Try calling an AI help system, and the information comes at you so fast that you must go through the menu ten or more times before you have what you need written down and then not be able to comprehend your own writing. Dysgraphia, remember? Fuck me! My shoes take a lot of filling!
So, think before you judge. Do you have the cajones to walk in my shoes for 64 years? Yes, admittedly, I am cranky because my effort to understand things gets nullified when someone interrupts me.?
Let me think! Injecting words (did you mean ...?) topples my precarious apple cart. It is like the 1993 movie Groundhog Day, in which Phil relives the same day over and over because he is stuck in some perverted time loop. Toppling my apple cart is my time loop, my kryptonite, and my curse! Over and over and over, ad nauseam!

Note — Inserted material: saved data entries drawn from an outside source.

text \<open>With compatible idempotents \<open>Q\<^sub>1\<close> onto \<open>R(B)\<close>, \<open>Q\<^sub>2\<close> onto \<open>N(B)\<close> and a bounded inner inverse \<open>D\<close>,
  the weighted inverse is \<open>C = (I - Q\<^sub>2) D Q\<^sub>1\<close>: then \<open>B C = Q\<^sub>1\<close> and \<open>C B = I - Q\<^sub>2\<close>.\<close>

lemma compatible_imp_weighted_inverse:
  fixes A1 A2 B :: "'a::chilbert_space \<Rightarrow> 'a"
  assumes A2: "positive_op A2" and B: "bounded_op B" and cl: "closed (range B)"
    and compat1: "compatible A1 (range B)" and compat2: "compatible A2 (ker B)"
  shows "\<exists>C. bounded_op C \<and> B \<circ> C \<circ> B = B \<and> C \<circ> B \<circ> C = C
           \<and> A1 \<circ> (B \<circ> C) = adj (B \<circ> C) \<circ> A1
           \<and> A2 \<circ> (C \<circ> B) = adj (C \<circ> B) \<circ> A2"
proof -
  obtain Q1 where bQ1: "bounded_op Q1" and idem1: "Q1 \<circ> Q1 = Q1" and range1: "range Q1 = range B"
    and comm1: "A1 \<circ> Q1 = adj Q1 \<circ> A1" using compat1 unfolding compatible_def by blast
  obtain Q2 where bQ2: "bounded_op Q2" and idem2: "Q2 \<circ> Q2 = Q2" and range2: "range Q2 = ker B"
    and comm2: "A2 \<circ> Q2 = adj Q2 \<circ> A2" using compat2 unfolding compatible_def by blast
  obtain D where bD: "bounded_op D" and BDB: "\<And>x. B (D (B x)) = B x"
    using bounded_inner_inverse_exists[OF B cl] by blast
  have Q1B: "Q1 (B x) = B x" for x using idempotent_fixes_range[OF idem1] range1 by simp
  have BQ2: "B (Q2 v) = 0" for v using range2 unfolding ker_def by blast
  have Q2ker: "B n = 0 \<Longrightarrow> Q2 n = n" for n using idempotent_fixes_range[OF idem2] range2 by (simp add: ker_def)
  define C where "C y = D (Q1 y) - Q2 (D (Q1 y))" for y
  have bC: "bounded_op C"
    unfolding C_def using bounded_op_compose[OF bD bQ1] bounded_op_compose[OF bQ2 bounded_op_compose[OF bD bQ1]]
    by (rule bounded_op_diff_fun)
  have BC: "B (C y) = Q1 y" for y
  proof -
    obtain x where x: "Q1 y = B x" using range1 by blast
    show ?thesis unfolding C_def using BQ2 BDB[of x] x by (simp add: bounded_op_diff[OF B])
  qed
  have CB: "C (B x) = x - Q2 x" for x
  proof -
    have "B (D (B x) - x) = 0" by (simp add: bounded_op_diff[OF B] BDB)
    then have "Q2 (D (B x) - x) = D (B x) - x" by (rule Q2ker)
    then show ?thesis unfolding C_def by (simp add: Q1B bounded_op_diff[OF bQ2] algebra_simps)
  qed
  have Q2C: "Q2 (C y) = 0" for y
    using idem2 unfolding C_def by (simp add: bounded_op_diff[OF bQ2] fun_eq_iff)
  have CQ1: "C (Q1 y) = C y" for y using idem1 unfolding C_def by (simp add: fun_eq_iff)
  have "B \<circ> C = Q1" "C \<circ> B = (\<lambda>x. x - Q2 x)" by (simp_all add: fun_eq_iff BC CB)
  moreover have "A2 \<circ> (\<lambda>x. x - Q2 x) = adj (\<lambda>x. x - Q2 x) \<circ> A2"
    using A2 by (intro adj_commute_complement[OF _ bQ2 comm2]) (simp add: positive_op_def)
  moreover have "B \<circ> C \<circ> B = B" "C \<circ> B \<circ> C = C"
    by (simp_all add: fun_eq_iff BC Q1B CB Q2C CQ1 BQ2 bounded_op_diff[OF B])
  ultimately show ?thesis using bC comm1 by metis
qed
(* Let $\mathbb{C}$ be a regular majority category. For any regular epimorphism $f:X\to Y$ in $\mathbb{C}$ and any reflexive relations $R,S$ on $X$, $f(R\cap S)=f(R)\cap f(S)$.
   Context: A category is regular if it has finite limits and coequalizers of kernel pairs and regular epimorphisms are pullback-stable; morphisms factor as regular epi followed by mono. A relation on $X$ is a subobject of $X\times X$, reflexive if the diagonal factors through it; $\cap$ is intersection (pullback) of subobjects. $f(R)$ denotes the image of $R$ under $f\times f$ (mono part of the regular epi–mono factorization of $(f\times f)r$ for $r$ representing $R$). For $w:S\to W$ and subobject $A$ of $W$, $w\in_S A$ means $w$ factors through a representative of $A$. A ternary relation $R\leqslant X\times Y\times Z$ is majority-selecting if for all $S$ and $x,x':S\to X$, $y,y':S\to Y$, $z,z':S\to Z$: $(x,y,z')\in_S R$, $(x,y',z)\in_S R$, $(x',y,z)\in_S R$ imply $(x,y,z)\in_S R$. A category with products is a majority category if all its ternary relations are majority-selecting. *)

theory Defs
  imports Main
begin

(* A category presented by its objects, arrows, domain, codomain, identities
   and composition.  Comp C g f is "g after f". *)
record ('o, 'a) category =
  Obj  :: "'o set"
  Arr  :: "'a set"
  Dom  :: "'a \<Rightarrow> 'o"
  Cod  :: "'a \<Rightarrow> 'o"
  Id   :: "'o \<Rightarrow> 'a"
  Comp :: "'a \<Rightarrow> 'a \<Rightarrow> 'a"

definition hom :: "('o, 'a) category \<Rightarrow> 'o \<Rightarrow> 'o \<Rightarrow> 'a set" where
  "hom C X Y = {f \<in> Arr C. Dom C f = X \<and> Cod C f = Y}"

definition is_category :: "('o, 'a) category \<Rightarrow> bool" where
  "is_category C \<longleftrightarrow>
     (\<forall>f\<in>Arr C. Dom C f \<in> Obj C \<and> Cod C f \<in> Obj C) \<and>
     (\<forall>X\<in>Obj C. Id C X \<in> hom C X X) \<and>
     (\<forall>f g. f \<in> Arr C \<and> g \<in> Arr C \<and> Cod C f = Dom C g
        \<longrightarrow> Comp C g f \<in> hom C (Dom C f) (Cod C g)) \<and>
     (\<forall>f\<in>Arr C. Comp C f (Id C (Dom C f)) = f \<and> Comp C (Id C (Cod C f)) f = f) \<and>
     (\<forall>f g h. f \<in> Arr C \<and> g \<in> Arr C \<and> h \<in> Arr C \<and> Cod C f = Dom C g \<and> Cod C g = Dom C h
        \<longrightarrow> Comp C h (Comp C g f) = Comp C (Comp C h g) f)"

definition mono :: "('o, 'a) category \<Rightarrow> 'a \<Rightarrow> bool" where
  "mono C m \<longleftrightarrow> m \<in> Arr C \<and>
     (\<forall>g h. g \<in> Arr C \<and> h \<in> Arr C \<and> Dom C g = Dom C h \<and> Cod C g = Dom C m \<and> Cod C h = Dom C m
        \<and> Comp C m g = Comp C m h \<longrightarrow> g = h)"

definition is_terminal :: "('o, 'a) category \<Rightarrow> 'o \<Rightarrow> bool" where
  "is_terminal C T \<longleftrightarrow> T \<in> Obj C \<and> (\<forall>X\<in>Obj C. \<exists>!u. u \<in> hom C X T)"

definition is_pullback :: "('o, 'a) category \<Rightarrow> 'a \<Rightarrow> 'a \<Rightarrow> 'a \<Rightarrow> 'a \<Rightarrow> bool" where
  "is_pullback C f g p q \<longleftrightarrow>
     f \<in> Arr C \<and> g \<in> Arr C \<and> p \<in> Arr C \<and> q \<in> Arr C \<and>
     Cod C f = Cod C g \<and> Dom C p = Dom C q \<and> Cod C p = Dom C f \<and> Cod C q = Dom C g \<and>
     Comp C f p = Comp C g q \<and>
     (\<forall>x y. x \<in> Arr C \<and> y \<in> Arr C \<and> Dom C x = Dom C y \<and> Cod C x = Dom C f \<and> Cod C y = Dom C g
        \<and> Comp C f x = Comp C g y
        \<longrightarrow> (\<exists>!u. u \<in> hom C (Dom C x) (Dom C p) \<and> Comp C p u = x \<and> Comp C q u = y))"

definition has_finite_limits :: "('o, 'a) category \<Rightarrow> bool" where
  "has_finite_limits C \<longleftrightarrow> (\<exists>T. is_terminal C T) \<and>
     (\<forall>f g. f \<in> Arr C \<and> g \<in> Arr C \<and> Cod C f = Cod C g \<longrightarrow> (\<exists>p q. is_pullback C f g p q))"

definition is_coequalizer :: "('o, 'a) category \<Rightarrow> 'a \<Rightarrow> 'a \<Rightarrow> 'a \<Rightarrow> bool" where
  "is_coequalizer C a b e \<longleftrightarrow>
     a \<in> Arr C \<and> b \<in> Arr C \<and> e \<in> Arr C \<and> Dom C a = Dom C b \<and> Cod C a = Cod C b \<and>
     Dom C e = Cod C a \<and> Comp C e a = Comp C e b \<and>
     (\<forall>h. h \<in> Arr C \<and> Dom C h = Cod C a \<and> Comp C h a = Comp C h b
        \<longrightarrow> (\<exists>!u. u \<in> hom C (Cod C e) (Cod C h) \<and> Comp C u e = h))"

definition regular_epi :: "('o, 'a) category \<Rightarrow> 'a \<Rightarrow> bool" where
  "regular_epi C e \<longleftrightarrow> (\<exists>a b. is_coequalizer C a b e)"

(* the kernel pair (p,q) of f is a pullback of f along itself *)
definition has_coequalizers_of_kernel_pairs :: "('o, 'a) category \<Rightarrow> bool" where
  "has_coequalizers_of_kernel_pairs C \<longleftrightarrow>
     (\<forall>f p q. is_pullback C f f p q \<longrightarrow> (\<exists>e. is_coequalizer C p q e))"

(* in a pullback square f o p = g o q, q is the pullback of f along g *)
definition regular_epis_pullback_stable :: "('o, 'a) category \<Rightarrow> bool" where
  "regular_epis_pullback_stable C \<longleftrightarrow>
     (\<forall>f g p q. is_pullback C f g p q \<and> regular_epi C f \<longrightarrow> regular_epi C q)"

definition regular_category :: "('o, 'a) category \<Rightarrow> bool" where
  "regular_category C \<longleftrightarrow> is_category C \<and> has_finite_limits C \<and>
     has_coequalizers_of_kernel_pairs C \<and> regular_epis_pullback_stable C"
(* Let $f:\mathbb{R}\to\mathbb{R}_{\geq 0}$ be a probability density function that is monotonically non-increasing on $\mathbb{R}_{\geq 0}$ and satisfies $\int_0^\infty f(t)\,dt = \frac{1}{2}$. For $x \geq 0$ define $$\alpha(x) := 4 \int_0^x f(t)\,dt \int_x^\infty t f(t)\,dt - \frac{x}{2} + 2x\left(\int_0^x f(t)\,dt\right)^2.$$ Then $\alpha(x) \geq 0$ for every $x \geq 0$. If $f$ is strictly decreasing on $\mathbb{R}_{\geq 0}$, then $\alpha(x) > 0$ for every $x > 0$. Moreover, $\alpha(x) = 0$ for all $x \geq 0$ if and only if there is $a > 0$ such that $f(t) = \frac{1}{2a}$ for $0 \leq t \leq a$ and $f(t) = 0$ for $t > a$. *)

theory Defs
  imports "HOL-Analysis.Analysis"
begin

definition cdf0 :: "(real \<Rightarrow> real) \<Rightarrow> real \<Rightarrow> real" where
  "cdf0 f x = (LBINT t:{0..x}. f t)"

text \<open>alpha(x), valued in the extended reals since the tail moment
  integral of t f(t) over [x,oo) may be infinite.\<close>
definition alpha :: "(real \<Rightarrow> real) \<Rightarrow> real \<Rightarrow> ereal" where
  "alpha f x =
     ereal (4 * cdf0 f x) * enn2ereal (\<integral>\<^sup>+ t\<in>{x..}. ennreal (t * f t) \<partial>lborel)
     - ereal (x / 2) + ereal (2 * x * (cdf0 f x)\<^sup>2)"

end

theory Submission
  imports Defs
begin

text \<open>Write \<open>F = cdf0 f x\<close>, \<open>T = 1/2 - F\<close> for the mass beyond \<open>x\<close> and \<open>G\<close> for the
  first moment beyond \<open>x\<close>. Since \<open>f \<le> f x\<close> beyond \<open>x\<close>, the mass \<open>T\<close> has its first
  moment minimised when it is spread uniformly with height \<open>f x\<close> right after \<open>x\<close>, so
  \<open>G \<ge> x T + T\<^sup>2 / (2 f x)\<close>. Substituting \<open>T = 1/2 - F\<close> turns this into
  \<open>alpha f x \<ge> 2 T\<^sup>2 (F - x f x) / f x\<close>, and \<open>F \<ge> x f x\<close> by monotonicity. For strictly
  decreasing \<open>f\<close> both factors are positive. If \<open>alpha\<close> vanishes identically, then
  \<open>F = x f x\<close> wherever \<open>T > 0\<close>, which forces \<open>f\<close> to be constant on its support
  \<open>(0, a)\<close>; the total mass \<open>1/2\<close> then fixes the constant to \<open>1 / (2 a)\<close>.\<close>

lemma nn_integral_linear_decay:
  fixes c x s :: real
  assumes "0 \<le> c" "x \<le> s"
  shows "(\<integral>\<^sup>+ t. ennreal (c * (s - t)) * indicator {x..s} t \<partial>lborel) = ennreal (c * (s - x)\<^sup>2 / 2)"
proof (rule nn_integral_has_integral_lebesgue')
  have "((\<lambda>t. c * s - c * t) has_integral c * s * (s - x) - c * ((s\<^sup>2 - x\<^sup>2) / 2)) {x..s}"
    using has_integral_const_real[of "c * s" x s] has_integral_mult_right[OF ident_has_integral[OF assms(2)], of c]
      assms(2) by (intro has_integral_diff) (auto simp: mult.commute)
  moreover have "c * s * (s - x) - c * ((s\<^sup>2 - x\<^sup>2) / 2) = c * (s - x)\<^sup>2 / 2"
    by (simp add: field_simps power2_eq_square)
  ultimately show "((\<lambda>t. c * (s - t)) has_integral c * (s - x)\<^sup>2 / 2) {x..s}"
    by (metis (no_types, lifting) right_diff_distrib has_integral_cong)
qed (use assms in auto)
lemma risk_pub_eq_sec:
  assumes probs: "\<And>n h. n < N \<Longrightarrow> prob_space (sig_dist (f n h))"
    and unanimous: "unanimous_for N L c"
    and bij: "bij_betw \<sigma> {..<N} {..<N}"
  shows "risk_pub N L f p0 c10 c01 \<sigma> s
       = risk_sec N L f p0 c10 c01 (induced_thresholds N \<sigma> s c)"
  unfolding risk_pub_def risk_sec_def by (simp add: team_prob_pub_eq_sec[OF assms])

lemma risk_pub_fixed_thresholds:
  assumes probs: "\<And>n h. n < N \<Longrightarrow> prob_space (sig_dist (f n h))"
    and unanimous: "unanimous_for N L c"
    and bij: "bij_betw \<sigma> {..<N} {..<N}"
  shows "risk_pub N L f p0 c10 c01 \<sigma> (\<lambda>k hist. lam (\<sigma> k)) = risk_sec N L f p0 c10 c01 lam"
  unfolding risk_pub_def risk_sec_def by (simp add: team_prob_pub_fixed_thresholds[OF assms, where lam=lam])

(* Public and secret voting achieve the same set of risks, hence the same minimum. *)
lemma min_risk_pub_eq_sec:
  assumes probs: "\<And>n h. n < N \<Longrightarrow> prob_space (sig_dist (f n h))"
    and unanimous: "unanimous_for N L c"
    and bij: "bij_betw \<sigma> {..<N} {..<N}"
  shows "min_risk_pub N L f p0 c10 c01 \<sigma> = min_risk_sec N L f p0 c10 c01"
proof -
  have "range (risk_pub N L f p0 c10 c01 \<sigma>) = range (risk_sec N L f p0 c10 c01)"
  proof (intro equalityI image_subsetI)
    fix s
    show "risk_pub N L f p0 c10 c01 \<sigma> s \<in> range (risk_sec N L f p0 c10 c01)"
      using risk_pub_eq_sec[OF assms] by simp
  next
    fix lam
    have "risk_pub N L f p0 c10 c01 \<sigma> (\<lambda>k hist. lam (\<sigma> k)) = risk_sec N L f p0 c10 c01 lam"
      by (rule risk_pub_fixed_thresholds[OF assms])
    then show "risk_sec N L f p0 c10 c01 lam \<in> range (risk_pub N L f p0 c10 c01 \<sigma>)"
      by (metis rangeI)
  qed
  then show ?thesis
    unfolding min_risk_pub_def min_risk_sec_def by simp
qed

lemma risk_sec_or:
  assumes probs: "\<And>n h. n < N \<Longrightarrow> prob_space (sig_dist (f n h))"
  shows "risk_sec N 1 f p0 c10 c01 lam =
           c10 * p0 * (1 - (\<Prod>n<N. 1 - PeI f n (lam n)))
         + c01 * (1 - p0) * (\<Prod>n<N. PeII f n (lam n))"
proof -
  have "1 - PeI f n (lam n) = dec_prob (f n False) (lam n) False" if "n < N" for n
    using dec_prob_complement[OF probs[OF that]] by (simp add: PeI_def algebra_simps)
  then have "(\<Prod>n<N. 1 - PeI f n (lam n)) = (\<Prod>n<N. dec_prob (f n False) (lam n) False)"
    by (intro prod.cong) auto
  moreover have "unanimous_for N 1 False"
    by (simp add: unanimous_for_def)
  ultimately show ?thesis
    unfolding risk_sec_def by (simp add: team_prob_sec_unanimous[OF probs] PeII_def)
qed

lemma risk_sec_and:
  assumes probs: "\<And>n h. n < N \<Longrightarrow> prob_space (sig_dist (f n h))"
  shows "risk_sec N N f p0 c10 c01 lam =
           c10 * p0 * (\<Prod>n<N. PeI f n (lam n))
         + c01 * (1 - p0) * (1 - (\<Prod>n<N. 1 - PeII f n (lam n)))"
proof -
  have "1 - PeII f n (lam n) = dec_prob (f n True) (lam n) True" if "n < N" for n
    using dec_prob_complement[OF probs[OF that]] by (simp add: PeII_def algebra_simps)
  then have "(\<Prod>n<N. 1 - PeII f n (lam n)) = (\<Prod>n<N. dec_prob (f n True) (lam n) True)"
    by (intro prod.cong) auto
  moreover have "unanimous_for N N True"
    by (simp add: unanimous_for_def)
  ultimately show ?thesis
    unfolding risk_sec_def by (simp add: team_prob_sec_unanimous[OF probs] PeI_def)
qed


theorem theorem3:
  fixes N L :: nat
    and f :: "nat \<Rightarrow> bool \<Rightarrow> real \<Rightarrow> real"
    and p0 c10 c01 :: real
  assumes N: "N \<ge> 1"
    and p0: "0 < p0" "p0 < 1"
    and costs: "c10 > 0" "c01 > 0"
    and dens_meas: "\<And>n h. n < N \<Longrightarrow> f n h \<in> borel_measurable lborel"
    and dens_nonneg: "\<And>n h y. n < N \<Longrightarrow> 0 \<le> f n h y"
    and dens_prob: "\<And>n h. n < N \<Longrightarrow> prob_space (sig_dist (f n h))"
    and MLR: "\<And>n. n < N \<Longrightarrow> strict_mono (\<lambda>y. f n True y / f n False y)"
    and unanimity: "L = 1 \<or> L = N"
  shows
    "(\<forall>\<sigma>. bij_betw \<sigma> {..<N} {..<N} \<longrightarrow>
         min_risk_pub N L f p0 c10 c01 \<sigma> = min_risk_sec N L f p0 c10 c01)
     \<and> (L = 1 \<longrightarrow> min_risk_sec N L f p0 c10 c01 =
          (INF lam. c10 * p0 * (1 - (\<Prod>n<N. 1 - PeI f n (lam n)))
                    + c01 * (1 - p0) * (\<Prod>n<N. PeII f n (lam n))))
     \<and> (L = N \<longrightarrow> min_risk_sec N L f p0 c10 c01 =
          (INF lam. c10 * p0 * (\<Prod>n<N. PeI f n (lam n))
                    + c01 * (1 - p0) * (1 - (\<Prod>n<N. 1 - PeII f n (lam n)))))
     \<and> (\<forall>lam. risk_sec N L f p0 c10 c01 lam = min_risk_sec N L f p0 c10 c01 \<longrightarrow>
          (\<forall>\<sigma>. bij_betw \<sigma> {..<N} {..<N} \<longrightarrow>
             risk_pub N L f p0 c10 c01 \<sigma> (\<lambda>k hist. lam (\<sigma> k))
               = min_risk_pub N L f p0 c10 c01 \<sigma>))"
  proof -
  define c where "c = (L \<noteq> 1)"
  have unanimous: "unanimous_for N L c"
    using unanimity by (auto simp: unanimous_for_def c_def)
  have same_min: "\<forall>\<sigma>. bij_betw \<sigma> {..<N} {..<N} \<longrightarrow>
      min_risk_pub N L f p0 c10 c01 \<sigma> = min_risk_sec N L f p0 c10 c01"
    using min_risk_pub_eq_sec[where N=N and f=f, OF dens_prob unanimous] by blast
  moreover have "L = 1 \<longrightarrow> min_risk_sec N L f p0 c10 c01 =
      (INF lam. c10 * p0 * (1 - (\<Prod>n<N. 1 - PeI f n (lam n)))
                + c01 * (1 - p0) * (\<Prod>n<N. PeII f n (lam n)))"
    unfolding min_risk_sec_def using risk_sec_or[where N=N and f=f, OF dens_prob] by simp
  moreover have "L = N \<longrightarrow> min_risk_sec N L f p0 c10 c01 =
      (INF lam. c10 * p0 * (\<Prod>n<N. PeI f n (lam n))
                + c01 * (1 - p0) * (1 - (\<Prod>n<N. 1 - PeII f n (lam n))))"
    unfolding min_risk_sec_def using risk_sec_and[where N=N and f=f, OF dens_prob] by simp
  moreover have "\<forall>lam. risk_sec N L f p0 c10 c01 lam = min_risk_sec N L f p0 c10 c01 \<longrightarrow>
      (\<forall>\<sigma>. bij_betw \<sigma> {..<N} {..<N} \<longrightarrow>
         risk_pub N L f p0 c10 c01 \<sigma> (\<lambda>k hist. lam (\<sigma> k))
           = min_risk_pub N L f p0 c10 c01 \<sigma>)"
    using risk_pub_fixed_thresholds[where N=N and f=f, OF dens_prob unanimous] same_min by simp
  ultimately show ?thesis by blast
qed

end
(* Let $0\le\beta\le1$ and $f\in\mathcal{A}_{\beta}$ with $f(z)=z+\sum_{n=2}^\infty a_nz^n$. Let $\Gamma_1=-\tfrac12 a_2$ and $\Gamma_2=-\tfrac12\left(a_3-\tfrac32 a_2^2\right)$. Then \[ |\Gamma_1|\le\frac{1}{2-\beta}\qquad\text{and}\qquad|\Gamma_2|\le\frac{5-2\beta-\beta^2}{(2-\beta)^2(3-2\beta)}. \] Both estimates are sharp (attained by some $f\in\mathcal{A}_\beta$).
   Context: $\mathbb{D}$ is the open unit disk; $\mathcal{A}$ is the class of holomorphic $f$ on $\mathbb{D}$ with $f(0)=0$, $f'(0)=1$. For $\beta\in[0,1]$, $\mathcal{A}_{\beta}=\{f\in\mathcal{A}: \operatorname{Re}\big(\beta\, f(z)/z+(1-\beta)f'(z)\big)>0 \text{ for all } z\in\mathbb{D}\}$. The $\Gamma_n$ are the logarithmic inverse coefficients, defined by $\log(f^{-1}(w)/w)=2\sum_{n\ge1}\Gamma_nw^n$ near $0$, where $f^{-1}$ is the local inverse of $f$; the formulas above are the resulting expressions in terms of $a_2,a_3$. *)

theory Defs
  imports "HOL-Complex_Analysis.Complex_Analysis"
begin

text \<open>At z = 0 the quotient f(z)/z is understood as its removable value f'(0) = 1,
  so the condition there reads Re(beta + (1-beta)) = 1 > 0, which always holds.\<close>

definition class_A :: "(complex \<Rightarrow> complex) set" where
  "class_A = {f. f holomorphic_on ball 0 1 \<and> f 0 = 0 \<and> deriv f 0 = 1}"

definition class_A_beta :: "real \<Rightarrow> (complex \<Rightarrow> complex) set" where
  "class_A_beta \<beta> = {f. f \<in> class_A \<and>
     (\<forall>z\<in>ball 0 1. Re (of_real \<beta> * (if z = 0 then deriv f 0 else f z / z)
                         + (1 - of_real \<beta>) * deriv f z) > 0)}"

definition taylor_coeff :: "(complex \<Rightarrow> complex) \<Rightarrow> nat \<Rightarrow> complex" where
  "taylor_coeff f n = (deriv ^^ n) f 0 / of_nat (fact n)"

definition Gamma1 :: "(complex \<Rightarrow> complex) \<Rightarrow> complex" where
  "Gamma1 f = - (1/2) * taylor_coeff f 2"

definition Gamma2 :: "(complex \<Rightarrow> complex) \<Rightarrow> complex" where
  "Gamma2 f = - (1/2) * (taylor_coeff f 3 - (3/2) * (taylor_coeff f 2)^2)"

end

theory Submission
  imports Defs
begin

(* Write p(z) = beta f(z)/z + (1 - beta) f'(z) = 1 + c_1 z + c_2 z^2 + ...; comparing coefficients
   gives (n - (n - 1) beta) a_n = c_(n-1). Since Re p > 0, w = (p - 1)/(p + 1) is a Schwarz
   function, whence c_1 = 2 b_1 and c_2 = 2 b_2 + 2 b_1^2 with |b_2| <= 1 - |b_1|^2: apply
   Schwarz's lemma to w(z)/z composed with the disc automorphism moving its value at 0 to 0.
   In these terms (2 - beta) Gamma_1 = -b_1 and (3 - 2 beta) Gamma_2 = -(b_2 - mu b_1^2) with
   mu = (5 - 2 beta - beta^2)/(2 - beta)^2 >= 1, and |b_2 - mu b_1^2| <= mu follows from the
   triangle inequality. Both bounds are attained by the f with p(z) = (1 + z)/(1 - z), where
   b_1 = 1 and b_2 = 0. *)

definition divide_by_z :: "(complex \<Rightarrow> complex) \<Rightarrow> complex \<Rightarrow> complex" where
  "divide_by_z f z = (if z = 0 then deriv f 0 else f z / z)"

lemma divide_by_z_holomorphic:
  assumes "f holomorphic_on ball 0 r" and "f 0 = 0"
  shows "divide_by_z f holomorphic_on ball 0 r"
  by (rule pole_theorem_open_0[OF assms(1), where a = 0]) (auto simp: divide_by_z_def assms(2))

lemma divide_by_z_has_fps_expansion:
  assumes hol: "f holomorphic_on ball 0 r" and "0 < r" and "f 0 = 0"
    and F: "f has_fps_expansion F"
  shows "divide_by_z f has_fps_expansion fps_shift 1 F"
proof -
  let ?Q = "fps_expansion (divide_by_z f) 0"
  have Q: "divide_by_z f has_fps_expansion ?Q"
    using divide_by_z_holomorphic[OF hol \<open>f 0 = 0\<close>] \<open>0 < r\<close>
    by (intro has_fps_expansion_fps_expansion) auto
  have "(\<lambda>z. divide_by_z f z * z) = f"
    using \<open>f 0 = 0\<close> by (auto simp: divide_by_z_def)
  then have "f has_fps_expansion ?Q * fps_X"
    using has_fps_expansion_mult[OF Q has_fps_expansion_fps_X] by simp
  then have "F = ?Q * fps_X"
    using F fps_expansion_unique_complex by blast
  then show ?thesis
    using Q by (simp only: fps_shift_times_fps_X')
qed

The abovementioned issues are why I chose to leave work, stay home, and raise my child. She is an accomplishment I can be proud of. She has empathy, understanding, and respect for diversity: she is considerate and kind but not a doormat. I have done my job: the job I could do, and I did it well!
I can count the people who know a little bit about my struggles on the fingers of one hand because I keep my struggles close to my chest. If I tell people, I am told I am playing the sympathy card; if I don't, I get the 'you should have said something' line. Either way, it is a no-win situation, so I keep my mouth shut and just keep on keeping on.
Now, think about my lived reality before engaging in that gossip about my perceived laziness or why I no longer work a day job! Walk that mile: live my life, struggle my struggles... Reality awaits! Now, whisht up!